Write $\cos(2t) + \sqrt3 \sin(2t)$ in the form $C\cos(w(t-t_0))$

Question

Problem

Write $\cos(2t) + \sqrt3 \sin(2t)$ in the form $C\cos(w(t-t_0))$

Attempts

I'm woefully under-practiced in the art of rewriting trigonometric expressions. I've tried looking through the Wikipedia article listing trigonometric identities, but I'm coming up short. Any help and/or solutions appreciated!

Answer 1

Hint use angle sum and difference identities for trignonometric functions: $$C\cos(w(t-t_0))=C(\cos(wt)\cos(wt_0)+\sin(wt)\sin(wt_0))$$ $$=C\cos(wt_0)\cos(wt)+C\sin(wt_0)sin(wt)$$

Compare this expression (for $w=2$) with $$\cos(2t)+\sqrt{3}\sin(2t)$$

After comparing both representations, we can conclude

$$1=C\cos(2t_0)$$ $$\sqrt{3}=C\sin(2t_0)$$

Square both equations and add them to get $$1+3=C^2(\cos^2(2t)+\sin^2(2t))=C^2$$

In the last step we used $\cos^2(2t)+\sin^2(2t)=1$. So $C=\pm2$. Now plug this result into $1=C\cos(2t_0)$ and solve for $t_0$.

Answer 2

Hint: $$\cos(2t)+\sqrt{3}\sin(2t)=2\left(\frac{1}{2}\cos(2t)+\frac{\sqrt{3}}{2}\sin(2t)\right).$$ Can you take it from here? Note that there is an angle $\theta$ so that $\cos\theta=1/2$ and $\sin\theta=\frac{\sqrt{3}}{2}$ simultaneously.

Answer 3

HINT: use that $$a\cos(x)+b\sin(x)=\sqrt{a^2+b^2}\left(\frac{a}{\sqrt{a^2+b^2}}\cos(x)+\frac{b}{\sqrt{a^2+b^2}}\sin(x)\right)$$

Answer 4

If coefficients of sin, cos are a, b we divide by $ \sqrt{a^2+b^2}$ to merge them.

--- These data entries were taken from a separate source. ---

lemma cover_labels_output:
  assumes U: "irr_cover \<psi> k T n (set us)" and dist: "distinct us"
    and \<Gamma>: "is_ndt k (J_op (cover_labels T us) T) \<Gamma>" and j: "j < length us"
  shows "\<exists>\<alpha>. cpath \<Gamma> \<alpha> j"
proof -
  obtain rd where rd: "rd \<in> Delta T" and only_j: "\<forall>\<beta>\<in>set us. rd \<in> set (sub T \<beta>) \<longleftrightarrow> \<beta> = us ! j"
    using irr_cover_private_row[OF U] j by (meson nth_mem)
  have "sat T (us ! i) (fst rd) \<longleftrightarrow> i = j" if "i < length us" for i
    using only_j that j rd dist by (auto simp: sub_def Delta_def nth_eq_iff_index_eq)
  then have "cover_labels T us (fst rd) = {j}" using j by (auto simp: cover_labels_def)
  then have "(fst rd, {j}) \<in> Delta (J_op (cover_labels T us) T)"
    using rd by (force simp: Delta_J_op)
  then obtain \<alpha> d where path: "cpath \<Gamma> \<alpha> d" and "(fst rd, {j}) \<in> set (sub (J_op (cover_labels T us) T) \<alpha>)"
    using \<Gamma> unfolding is_ndt_def by blast
  moreover have "sub (J_op (cover_labels T us) T) \<alpha> = [] \<or> d \<in> Pi_rows (sub (J_op (cover_labels T us) T) \<alpha>)"
    using \<Gamma> path unfolding is_ndt_def by blast
  ultimately have "d = j" by (force simp: Pi_rows_def)
  then show ?thesis using path by blast
qed

lemma finite_cpath_decisions: "finite {d. \<exists>\<alpha>. cpath \<Gamma> \<alpha> d}"
proof -
  have "{d. \<exists>\<alpha>. cpath \<Gamma> \<alpha> d} = snd ` {(\<alpha>, d). cpath \<Gamma> \<alpha> d}" by (auto simp: image_iff)
  then show ?thesis using finite_cpaths by simp
qed

lemma card_dt_decisions_le:
  assumes k: "k > 0" and \<Gamma>: "is_dt k T \<Gamma>" and b: "bounded_measure \<psi>"
  shows "card {d. \<exists>\<alpha>. cpath \<Gamma> \<alpha> d} \<le> k ^ psi_tree \<psi> \<Gamma>"
proof -
  obtain c where c: "\<Gamma> = [c]" using \<Gamma> unfolding is_dt_def by (cases \<Gamma>) auto
  have "wf_node k c" "det_node c" using \<Gamma> c unfolding is_dt_def is_ndt_def ktree_def by auto
  moreover have "\<forall>\<alpha> d. npath c \<alpha> d \<longrightarrow> length \<alpha> \<le> psi_tree \<psi> \<Gamma>"
  proof (intro allI impI)
    fix \<alpha> d assume "npath c \<alpha> d"
    then have "cpath \<Gamma> \<alpha> d" using c by (simp add: cpath_def)
    then have "psi_word \<psi> \<alpha> \<le> psi_tree \<psi> \<Gamma>" by (rule psi_word_le_psi_tree)
    moreover have "length (map fst \<alpha>) \<le> \<psi> (map fst \<alpha>)" using b unfolding bounded_measure_def by blast
    ultimately show "length \<alpha> \<le> psi_tree \<psi> \<Gamma>" by (simp add: psi_word_def)
  qed
  ultimately have paths: "card {(\<alpha>, d). npath c \<alpha> d} \<le> k ^ psi_tree \<psi> \<Gamma>"
    using card_npaths_le[OF k] by blast
  have "{d. \<exists>\<alpha>. cpath \<Gamma> \<alpha> d} = snd ` {(\<alpha>, d). npath c \<alpha> d}"
    using c by (auto simp: cpath_def image_iff)
  then show ?thesis using paths card_image_le[OF finite_npaths] order_trans by metis
qed

lemma exists_relabelling_bounds:
  assumes k: "k \<ge> 2" and wf: "wf_table k T" and b: "bounded_measure \<psi>" and ne: "snd T \<noteq> []"
    and U: "irr_cover \<psi> k T n U" and U_ne: "U \<noteq> {}"
  shows "\<exists>\<nu>. valid_nu k (card (At T)) \<nu> \<and> psi_a \<psi> k (J_op \<nu> T) \<le> n
           \<and> card U \<le> k ^ psi_d \<psi> k (J_op \<nu> T)"
proof -
  have psi: "pb_measure \<psi>" using b by (simp add: bounded_measure_def)
  have cover: "is_cover \<psi> k T n U" using U unfolding irr_cover_def by (rule conjunct1)
  then have "finite U" unfolding is_cover_def by (rule conjunct1)
  then obtain us where us: "set us = U" "distinct us" using finite_distinct_list by blast
  have irr: "irr_cover \<psi> k T n (set us)" using U us(1) by simp
  let ?T' = "J_op (cover_labels T us) T"
  have "is_cover \<psi> k T n (set us)" using cover us(1) by simp
  moreover have "us \<noteq> []" using U_ne us(1) by auto
  ultimately have "psi_a \<psi> k ?T' \<le> n" by (rule psi_a_cover_labels_le)
  moreover have "card U \<le> k ^ psi_d \<psi> k ?T'"
  proof -
    have wf': "wf_table k ?T'" by (rule wf_J_op[OF wf cover_labels_finite_nonempty])
    have ne': "snd ?T' \<noteq> []" using ne by (simp add: J_op_def)
    have k1: "k \<ge> 1" using k by simp
    obtain \<Gamma> where \<Gamma>: "is_dt k ?T' \<Gamma>" "psi_tree \<psi> \<Gamma> = psi_d \<psi> k ?T'"
      using psi_d_attained[OF k1 wf' psi ne'] by blast
    have ndt: "is_ndt k ?T' \<Gamma>" using \<Gamma>(1) by (simp add: is_dt_def)
    have "{..<length us} \<subseteq> {d. \<exists>\<alpha>. cpath \<Gamma> \<alpha> d}"
      using cover_labels_output[OF irr us(2) ndt] by auto
    then have "card {..<length us} \<le> card {d. \<exists>\<alpha>. cpath \<Gamma> \<alpha> d}"
      by (rule card_mono[OF finite_cpath_decisions])
    moreover have "card U = card {..<length us}" using distinct_card[OF us(2)] us(1) by simp
    moreover have "card {d. \<exists>\<alpha>. cpath \<Gamma> \<alpha> d} \<le> k ^ psi_tree \<psi> \<Gamma>"
      using card_dt_decisions_le[OF _ \<Gamma>(1) b] k by simp
    ultimately show ?thesis using \<Gamma>(2) by simp
  qed
  moreover have "valid_nu k (card (At T)) (cover_labels T us)"
    using cover_labels_finite_nonempty by (simp add: valid_nu_def)
  ultimately show ?thesis by blast
qed

section \<open>Closed classes and the functions L and H\<close>

lemma keep_first_id:
  assumes dist: "distinct (map fst xs)"
  shows "keep_first xs = xs"
proof -
  have first: "\<forall>j<i. fst (xs ! j) \<noteq> fst (xs ! i)" if "i < length xs" for i
    using dist that by (auto simp: distinct_conv_nth)
  have "keep_first xs = concat (map (\<lambda>i. [xs ! i]) [0..<length xs])"
    unfolding keep_first_def by (rule arg_cong[where f = concat], rule map_cong) (auto simp: first)
  also have "\<dots> = xs" by (simp add: map_nth)
  finally show ?thesis .
qed

lemma I_op_empty:
  assumes wf: "wf_table k T" and ne: "fst T \<noteq> []"
  shows "I_op {} T = T"
proof -
  have keys: "distinct (map fst (snd T))" using wf unfolding wf_table_def by blast
  have "map (\<lambda>rd. ([fst rd ! i. i \<leftarrow> [0..<length (fst T)], fst T ! i \<notin> {}], snd rd)) (snd T) = snd T"
  proof (rule map_idI)
    fix rd assume "rd \<in> set (snd T)"
    then have "length (fst rd) = length (fst T)" using wf unfolding wf_table_def by blast
    then have "[fst rd ! i. i \<leftarrow> [0..<length (fst T)], fst T ! i \<notin> {}] = fst rd"
      using map_nth[of "fst rd"] by simp
    then show "([fst rd ! i. i \<leftarrow> [0..<length (fst T)], fst T ! i \<notin> {}], snd rd) = rd" by simp
  qed
  then show ?thesis using ne keys unfolding I_op_def by (simp add: keep_first_id)
qed

lemma J_op_in_closure_table:
  assumes "wf_table k T" "snd T \<noteq> []" "valid_nu k (card (At T)) \<nu>"
  shows "J_op \<nu> T \<in> closure_table k T"
proof -
  have "fst T \<noteq> []" using assms(1,2) unfolding wf_table_def by blast
  then have "J_op \<nu> T = J_op \<nu> (I_op {} T)" using I_op_empty[OF assms(1)] by simp
  then show ?thesis using assms(3) unfolding closure_table_def by fastforce
qed

lemma L_fun_SomeD:
  assumes "L_fun \<psi> k A n = Some l" "A \<noteq> {}"
  shows "\<exists>T\<in>A. l_psi \<psi> k T n = l" and "\<forall>T\<in>A. l_psi \<psi> k T n \<le> l"
proof -
  let ?S = "{l_psi \<psi> k T n | T. T \<in> A}"
  have fin: "finite ?S" and l: "l = Max ?S"
    using assms(1) unfolding L_fun_def Let_def by (auto split: if_splits)
  have "?S \<noteq> {}" using assms(2) by blast
  then have "l \<in> ?S" using Max_in[OF fin] l by simp
  then show "\<exists>T\<in>A. l_psi \<psi> k T n = l" by blast
  show "\<forall>T\<in>A. l_psi \<psi> k T n \<le> l"
  proof
    fix T assume "T \<in> A"
    then have "l_psi \<psi> k T n \<in> ?S" by blast
    then show "l_psi \<psi> k T n \<le> l" using Max_ge[OF fin] l by simp
  qed
qed

lemma H_fun_SomeI:
  assumes bound: "\<forall>T\<in>A. psi_a \<psi> k T \<le> n \<longrightarrow> psi_d \<psi> k T \<le> b"
    and T: "T \<in> A" "psi_a \<psi> k T \<le> n"
  shows "\<exists>h. H_fun \<psi> k A n = Some h \<and> psi_d \<psi> k T \<le> h"
proof -
  let ?S = "{psi_d \<psi> k T | T. T \<in> A \<and> psi_a \<psi> k T \<le> n}"
  have "?S \<subseteq> {..b}" using bound by auto
  then have fin: "finite ?S" using finite_subset by blast
  moreover have "psi_d \<psi> k T \<in> ?S" using T by blast
  ultimately have "psi_d \<psi> k T \<le> Max ?S" by (rule Max_ge)
  moreover have "H_fun \<psi> k A n = Some (Max ?S)" using fin unfolding H_fun_def Let_def by simp
  ultimately show ?thesis by blast
qed

theorem lemma5:
  fixes k :: nat and A :: "dtable set" and \<psi> :: "nat list \<Rightarrow> nat"
  assumes "k \<ge> 2"
    and "closed_class k A" and "nontrivial A"
    and "bounded_measure \<psi>"
    and "\<forall>n. L_fun \<psi> k A n \<noteq> None"
  shows "\<forall>n l. L_fun \<psi> k A n = Some l \<and> l > 0 \<longrightarrow>
           (\<exists>h. H_fun \<psi> k A n = Some h \<and> log (real k) (real l) \<le> real h)"
proof (intro allI impI, elim conjE)
  fix n l assume L: "L_fun \<psi> k A n = Some l" and "l > 0"
  have A: "A \<noteq> {}" "closure_class k A = A" and wf: "\<And>T. T \<in> A \<Longrightarrow> wf_table k T"
    using assms(2) unfolding closed_class_def M_inf_def by auto
  obtain T where T: "T \<in> A" "l_psi \<psi> k T n = l" using L_fun_SomeD(1)[OF L A(1)] by blast
  then have ne: "snd T \<noteq> []" using \<open>l > 0\<close> by (auto simp: l_psi_def)
  obtain U where U: "irr_cover \<psi> k T n U" "card U = l"
    using l_psi_attained[OF assms(4) ne] T(2) by blast
  then obtain \<nu> where \<nu>: "valid_nu k (card (At T)) \<nu>" "psi_a \<psi> k (J_op \<nu> T) \<le> n"
      "l \<le> k ^ psi_d \<psi> k (J_op \<nu> T)"
    using exists_relabelling_bounds[OF assms(1) wf[OF T(1)] assms(4) ne] \<open>l > 0\<close> by force
  have "J_op \<nu> T \<in> A"
    using J_op_in_closure_table[OF wf[OF T(1)] ne \<nu>(1)] T(1) A(2) unfolding closure_class_def by blast
  moreover have "\<forall>T\<in>A. psi_a \<psi> k T \<le> n \<longrightarrow> psi_d \<psi> k T \<le> l * n"
    using psi_d_le_l_psi_mult[OF _ wf assms(4)] L_fun_SomeD(2)[OF L A(1)] assms(1)
    by (metis le_trans mult_le_mono1 one_le_numeral)
  ultimately obtain h where "H_fun \<psi> k A n = Some h" "psi_d \<psi> k (J_op \<nu> T) \<le> h"
    using H_fun_SomeI \<nu>(2) by blast
  moreover have "log (real k) (real l) \<le> real (psi_d \<psi> k (J_op \<nu> T))"
    using log_of_power_le[of l "real k"] \<nu>(3) assms(1) \<open>l > 0\<close> by (simp add: of_nat_le_iff[symmetric])
  ultimately show "\<exists>h. H_fun \<psi> k A n = Some h \<and> log (real k) (real l) \<le> real h" by force
qed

$$\cos(2t)+\sqrt{3}\sin(2t)=2*[\frac{1}{2}\cos(2t)+\frac{\sqrt{3}}{2}\sin(2t)].$$ It is in the form $2 [ \cos \pi/3 \cos 2t + ....] $ which can be handled further as cos of a combined angle.

Answer 5

We would like to rewrite $\cos 2t +\sqrt{3}\sin 2t$ in this form $$\cos\alpha\cos 2t-\sin\alpha\sin2t$$ that way, we could simplify the expression to $\cos(\alpha + 2t)$.

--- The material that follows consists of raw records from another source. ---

(* Let $m,n\in\mathbb{N}_0$ with $m>n$, and let \[ \mathcal{F}_{m,n}=\{p(x)+\ln(x)q(x):\ p\in\Pi_m,\ q\in\Pi_n\}, \] considered as functions on $(1,\infty)$. Then every nonzero $f\in\mathcal{F}_{m,n}$ has at most $m+n+1$ distinct zeros in $(1,\infty)$.
   Context: $\Pi_n$ denotes the space of real polynomials of degree at most $n$. *)

theory Defs
  imports "HOL-Analysis.Analysis" "HOL-Computational_Algebra.Polynomial"
begin

definition plog_fun :: "real poly \<Rightarrow> real poly \<Rightarrow> real \<Rightarrow> real" where
  "plog_fun p q x = poly p x + ln x * poly q x"

end

theory Submission
  imports Defs
begin

text \<open>
  Write \<open>\<theta> = x d/dx\<close>. Then \<open>\<theta>(p + ln x \<cdot> q) = (\<theta>p + q) + ln x \<cdot> \<theta>q\<close>, so \<open>\<theta>\<close> maps
  \<open>\<F>\<^sub>m\<^sub>,\<^sub>n\<close> into itself (as \<open>n \<le> m\<close>), while the further derivative of the image
  is \<open>(\<theta>p + q)' + q' + ln x \<cdot> (\<theta>q)'\<close>, which lies in \<open>\<F>\<^sub>m\<^sub>-\<^sub>1\<^sub>,\<^sub>n\<^sub>-\<^sub>1\<close>.
  By Rolle's theorem each differentiation loses at most one zero, so two steps reduce
  \<open>(m, n)\<close> to \<open>(m - 1, n - 1)\<close>; after \<open>n\<close> such rounds one more step reaches a
  polynomial of degree at most \<open>m - n\<close>. Hence at most \<open>2n + (m - n) + 1 = m + n + 1\<close> zeros.
\<close>

definition zeros_bounded_on :: "'a set \<Rightarrow> ('a \<Rightarrow> 'b::zero) \<Rightarrow> nat \<Rightarrow> bool" where
  "zeros_bounded_on S f K \<longleftrightarrow>
     (\<exists>x\<in>S. f x \<noteq> 0) \<longrightarrow> finite {x\<in>S. f x = 0} \<and> card {x\<in>S. f x = 0} \<le> K"

lemma zeros_bounded_on_mono:
  "zeros_bounded_on S f K \<Longrightarrow> K \<le> L \<Longrightarrow> zeros_bounded_on S f L"
  unfolding zeros_bounded_on_def by auto

lemma zeros_bounded_on_cong:
  assumes "\<And>x. x \<in> S \<Longrightarrow> f x = 0 \<longleftrightarrow> g x = 0"
  shows "zeros_bounded_on S f K \<longleftrightarrow> zeros_bounded_on S g K"
proof -
  have "{x\<in>S. f x = 0} = {x\<in>S. g x = 0}" using assms by blast
  then show ?thesis unfolding zeros_bounded_on_def by auto
qed

lemma zeros_bounded_on_poly:
  fixes p :: "'a::{comm_ring_1,ring_no_zero_divisors} poly"
  shows "zeros_bounded_on S (poly p) (degree p)"
  unfolding zeros_bounded_on_def
proof
  assume "\<exists>x\<in>S. poly p x \<noteq> 0"
  then have "p \<noteq> 0" by auto
  have sub: "{x\<in>S. poly p x = 0} \<subseteq> {x. poly p x = 0}" by blast
  show "finite {x\<in>S. poly p x = 0} \<and> card {x\<in>S. poly p x = 0} \<le> degree p"
    using finite_subset[OF sub poly_roots_finite[OF \<open>p \<noteq> 0\<close>]]
      card_mono[OF poly_roots_finite[OF \<open>p \<noteq> 0\<close>] sub] card_poly_roots_bound[OF \<open>p \<noteq> 0\<close>]
    by linarith
qed

lemma MVT_interval:
  fixes f f' :: "real \<Rightarrow> real"
  assumes S: "is_interval S" and deriv: "\<And>x. x \<in> S \<Longrightarrow> (f has_real_derivative f' x) (at x)"
    and "a \<in> S" "b \<in> S" "a < b"
  obtains z where "a < z" "z < b" "z \<in> S" "f b - f a = (b - a) * f' z"
proof -
  have between: "x \<in> S" if "a \<le> x" "x \<le> b" for x
    using S \<open>a \<in> S\<close> \<open>b \<in> S\<close> that unfolding is_interval_1 by blast
  obtain z where "a < z" "z < b" "f b - f a = (b - a) * f' z"
    using MVT2[OF \<open>a < b\<close> deriv[OF between]] by blast
  with between show thesis using that by simp
qed

text \<open>Between consecutive zeros of \<open>f\<close> lies a zero of \<open>f'\<close>; counting only those below
  \<open>Max A\<close> is what makes the induction over \<open>A\<close> go through.\<close>

lemma card_zeros_le_card_deriv_zeros_below:
  fixes f f' :: "real \<Rightarrow> real"
  assumes S: "is_interval S" and deriv: "\<And>x. x \<in> S \<Longrightarrow> (f has_real_derivative f' x) (at x)"
    and fin: "finite {x\<in>S. f' x = 0}"
    and "finite A" "A \<noteq> {}" "A \<subseteq> {x\<in>S. f x = 0}"
  shows "card A \<le> card {x\<in>S. f' x = 0 \<and> x < Max A} + 1"
  using \<open>finite A\<close> \<open>A \<noteq> {}\<close> \<open>A \<subseteq> {x\<in>S. f x = 0}\<close>
proof (induction A rule: finite_linorder_max_induct)
  case empty
  then show ?case by simp
next
  case (insert b A)
  define Z where "Z c = {x\<in>S. f' x = 0 \<and> x < c}" for c
  have fin_Z: "finite (Z c)" for c
    by (rule finite_subset[OF _ fin]) (auto simp: Z_def)
  have card_insert: "card (insert b A) = card A + 1"
    using insert.hyps by auto
  have Max_insert: "Max (insert b A) = b"
    using insert.hyps by (intro Max_eqI) auto
  show ?case
  proof (cases "A = {}")
    case False
    define a where "a = Max A"
    have "a \<in> A" "a < b"
      using False insert.hyps unfolding a_def by auto
    then have "a \<in> S" "b \<in> S" "f a = 0" "f b = 0"
      using insert.prems by auto
    then obtain z where z: "a < z" "z < b" "z \<in> S" "f b - f a = (b - a) * f' z"
      using MVT_interval[OF S deriv] \<open>a < b\<close> by blast
    have "f' z = 0"
      using z(4) \<open>a < b\<close> \<open>f a = 0\<close> \<open>f b = 0\<close> by simp
    then have "insert z (Z a) \<subseteq> Z b" "z \<notin> Z a"
      using z \<open>a < b\<close> by (auto simp: Z_def)
    then have "card (Z a) + 1 \<le> card (Z b)"
      using card_mono[OF fin_Z] fin_Z by (metis Suc_eq_plus1 card_insert_disjoint)
    moreover have "card A \<le> card (Z a) + 1"
      using insert.IH False insert.prems unfolding a_def Z_def by blast
    ultimately show ?thesis
      unfolding card_insert Max_insert Z_def[symmetric] by linarith
  qed (simp add: card_insert)
qed

lemma zeros_bounded_on_deriv:
  fixes f f' :: "real \<Rightarrow> real"
  assumes S: "is_interval S" and deriv: "\<And>x. x \<in> S \<Longrightarrow> (f has_real_derivative f' x) (at x)"
    and f': "zeros_bounded_on S f' K"
  shows "zeros_bounded_on S f (Suc K)"
  unfolding zeros_bounded_on_def
proof
  assume "\<exists>x\<in>S. f x \<noteq> 0"
  then obtain c where "c \<in> S" "f c \<noteq> 0" by blast
  show "finite {x\<in>S. f x = 0} \<and> card {x\<in>S. f x = 0} \<le> Suc K"
  proof (cases "\<exists>x\<in>S. f' x \<noteq> 0")
    case False
    have "f x = f c" if "x \<in> S" for x
    proof (cases x c rule: linorder_cases)
      case less
      then show ?thesis using MVT_interval[OF S deriv \<open>x \<in> S\<close> \<open>c \<in> S\<close>] False by force
    next
      case greater
      then show ?thesis using MVT_interval[OF S deriv \<open>c \<in> S\<close> \<open>x \<in> S\<close>] False by force
    qed simp
    then have "{x\<in>S. f x = 0} = {}" using \<open>f c \<noteq> 0\<close> by auto
    then show ?thesis by (metis card.empty finite.emptyI le0)
  next
    case True
    then have fin: "finite {x\<in>S. f' x = 0}" and card: "card {x\<in>S. f' x = 0} \<le> K"
      using f' unfolding zeros_bounded_on_def by auto
    have bound: "card A \<le> Suc K" if "finite A" "A \<subseteq> {x\<in>S. f x = 0}" for A
    proof (cases "A = {}")
      case False
      have "card {x\<in>S. f' x = 0 \<and> x < Max A} \<le> card {x\<in>S. f' x = 0}"
        by (rule card_mono[OF fin]) blast
      then show ?thesis
        using card_zeros_le_card_deriv_zeros_below[OF S deriv fin that(1) False that(2)] card
        by linarith
    qed simp
    have "finite {x\<in>S. f x = 0}"
    proof (rule ccontr)
      assume "infinite {x\<in>S. f x = 0}"
      then obtain A where "finite A" "card A = Suc (Suc K)" "A \<subseteq> {x\<in>S. f x = 0}"
        using infinite_arbitrarily_large by blast
      then show False using bound by fastforce
    qed
    then show ?thesis using bound by blast
  qed
qed

definition euler_op :: "'a::{comm_semiring_1,semiring_no_zero_divisors} poly \<Rightarrow> 'a poly" where
  "euler_op p = pCons 0 (pderiv p)"

lemma poly_euler_op: "poly (euler_op p) x = x * poly (pderiv p) x"
  by (simp add: euler_op_def)

lemma euler_op_add: "euler_op (p + q) = euler_op p + euler_op q"
  by (simp add: euler_op_def pderiv_add)

lemma degree_euler_op_le:
  fixes p :: "'a::{comm_semiring_1,semiring_no_zero_divisors,semiring_char_0} poly"
  shows "degree (euler_op p) \<le> degree p"
proof (cases "pderiv p = 0")
  case False
  then have "degree p \<noteq> 0" using pderiv_eq_0_iff by auto
  then show ?thesis using False by (simp add: euler_op_def degree_pderiv)
qed (simp add: euler_op_def)

lemma plog_fun_euler_op:
  "plog_fun (euler_op p) (euler_op q) x = x * plog_fun (pderiv p) (pderiv q) x"
  by (simp add: plog_fun_def poly_euler_op algebra_simps)

lemma has_real_derivative_plog_fun:
  assumes "x > 0"
  shows "(plog_fun p q has_real_derivative plog_fun (euler_op p + q) (euler_op q) x / x) (at x)"
proof -
  have "(plog_fun p q has_real_derivative
      poly (pderiv p) x + (inverse x * poly q x + ln x * poly (pderiv q) x)) (at x)"
    unfolding plog_fun_def[abs_def] using assms
    by (auto intro!: derivative_eq_intros simp: field_simps)
  moreover have "poly (pderiv p) x + (inverse x * poly q x + ln x * poly (pderiv q) x)
      = plog_fun (euler_op p + q) (euler_op q) x / x"
    using assms by (simp add: plog_fun_def poly_euler_op field_simps)
  ultimately show ?thesis by simp
qed

lemma zeros_bounded_on_plog_fun_euler_op:
  assumes "is_interval S" "S \<subseteq> {0<..}"
    and "zeros_bounded_on S (plog_fun (euler_op p + q) (euler_op q)) K"
  shows "zeros_bounded_on S (plog_fun p q) (Suc K)"
proof (rule zeros_bounded_on_deriv[OF \<open>is_interval S\<close>])
  show "(plog_fun p q has_real_derivative plog_fun (euler_op p + q) (euler_op q) x / x) (at x)"
    if "x \<in> S" for x
    using has_real_derivative_plog_fun that assms(2) by auto
  show "zeros_bounded_on S (\<lambda>x. plog_fun (euler_op p + q) (euler_op q) x / x) K"
    using assms(3) by (rule iffD1[OF zeros_bounded_on_cong, rotated]) (use assms(2) in auto)
qed

lemma zeros_bounded_on_plog_fun:
  assumes S: "is_interval S" "S \<subseteq> {0<..}"
  shows "n \<le> m \<Longrightarrow> degree p \<le> m \<Longrightarrow> degree q \<le> n
    \<Longrightarrow> zeros_bounded_on S (plog_fun p q) (m + n + 1)"
proof (induction n arbitrary: m p q)
  case 0
  then have "pderiv q = 0"
    by (simp add: pderiv_eq_0_iff)
  then have "plog_fun (euler_op p + q) (euler_op q) = poly (euler_op p + q)"
    by (simp add: euler_op_def plog_fun_def fun_eq_iff)
  moreover have "degree (euler_op p + q) \<le> m"
    by (intro degree_add_le order.trans[OF degree_euler_op_le]) (use 0 in auto)
  then have "zeros_bounded_on S (poly (euler_op p + q)) m"
    by (rule zeros_bounded_on_mono[OF zeros_bounded_on_poly])
  ultimately show ?case
    using zeros_bounded_on_plog_fun_euler_op[OF S] by simp
next
  case (Suc k)
  then obtain m' where m: "m = Suc m'" "k \<le> m'" by (cases m) auto
  define P where "P = euler_op p + q"
  define Q where "Q = euler_op q"
  have "degree (P + q) \<le> m"
    unfolding P_def by (intro degree_add_le order.trans[OF degree_euler_op_le]) (use Suc.prems in auto)
  then have "degree (pderiv (P + q)) \<le> m'"
    using m by (simp add: degree_pderiv)
  moreover have "degree (pderiv Q) \<le> k"
    unfolding Q_def using Suc.prems(3) degree_euler_op_le[of q] by (simp add: degree_pderiv)
  ultimately have "zeros_bounded_on S (plog_fun (pderiv (P + q)) (pderiv Q)) (m' + k + 1)"
    by (rule Suc.IH[OF m(2)])
  moreover have "plog_fun (euler_op P + Q) (euler_op Q) x
      = x * plog_fun (pderiv (P + q)) (pderiv Q) x" for x
    by (simp only: Q_def euler_op_add[symmetric] plog_fun_euler_op)
  ultimately have "zeros_bounded_on S (plog_fun (euler_op P + Q) (euler_op Q)) (m' + k + 1)"
    by (subst zeros_bounded_on_cong) (use S(2) in auto)
  then have "zeros_bounded_on S (plog_fun P Q) (Suc (m' + k + 1))"
    by (rule zeros_bounded_on_plog_fun_euler_op[OF S])
  then have "zeros_bounded_on S (plog_fun p q) (Suc (Suc (m' + k + 1)))"
    unfolding P_def Q_def by (rule zeros_bounded_on_plog_fun_euler_op[OF S])
  then show ?case using m by simp
qed

theorem mainTheorem10:
  fixes m n :: nat and p q :: "real poly"
  assumes "m > n"
    and "degree p \<le> m" and "degree q \<le> n"
    and "\<exists>x>1. plog_fun p q x \<noteq> 0"
  shows "finite {x. x > 1 \<and> plog_fun p q x = 0}
         \<and> card {x. x > 1 \<and> plog_fun p q x = 0} \<le> m + n + 1"
proof -
  have "is_interval {1::real<..}" "{1::real<..} \<subseteq> {0<..}"
    by (auto simp: is_interval_1)
  then have "zeros_bounded_on {1<..} (plog_fun p q) (m + n + 1)"
    using zeros_bounded_on_plog_fun assms(1-3) by simp
  then show ?thesis
    using assms(4) unfolding zeros_bounded_on_def greaterThan_iff by blast
qed

end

Following this model, we would have $\cos\alpha=1$ and $\sin\alpha=-\sqrt{3}$. At this point, we find a contradiction in our argument because $$1 = \cos^2\alpha + \sin^2\alpha = 1^2+(-\sqrt{3})^2=4$$

To fix the problem, we need to scale by a factor of $\sqrt{4}$, so lets define $\alpha$ as $\cos\alpha = \frac{1}{2}$ and $\sin\alpha=-\frac{\sqrt{3}}{2}$. Now we have $$\cos^2\alpha + \sin^2\alpha = (\frac{1}{2})^2+(-\frac{\sqrt{3}}{2})^2 = \frac{1+3}{4}=1$$ so we have that $$\cos\alpha\cos 2t-\sin\alpha\sin2t = \frac{1}{2}\cos 2t +\frac{\sqrt{3}}{2}\sin 2t$$ scaling this expression by a factor of $2$, or $\sqrt{1^2+\sqrt{3}^2}$, we have our original expression back $$2(\frac{1}{2}\cos 2t +\frac{\sqrt{3}}{2}\sin 2t)=\cos 2t +\sqrt{3}\sin{2t}$$ Now we find alpha, and plug it into our expression (notice the acrobatics with the signs) $$\begin{array}{lll} 2(\frac{1}{2}\cos 2t +\frac{\sqrt{3}}{2}\sin 2t)&=&2(\cos(-\frac{\pi}{3})\cos 2t - \sin(-\frac{\pi}{3})\sin 2t)\\ &=& 2\cos(2t -\frac{\pi}{3})\\ &=&2\cos(2(t - \frac{\pi}{6})) \end{array}$$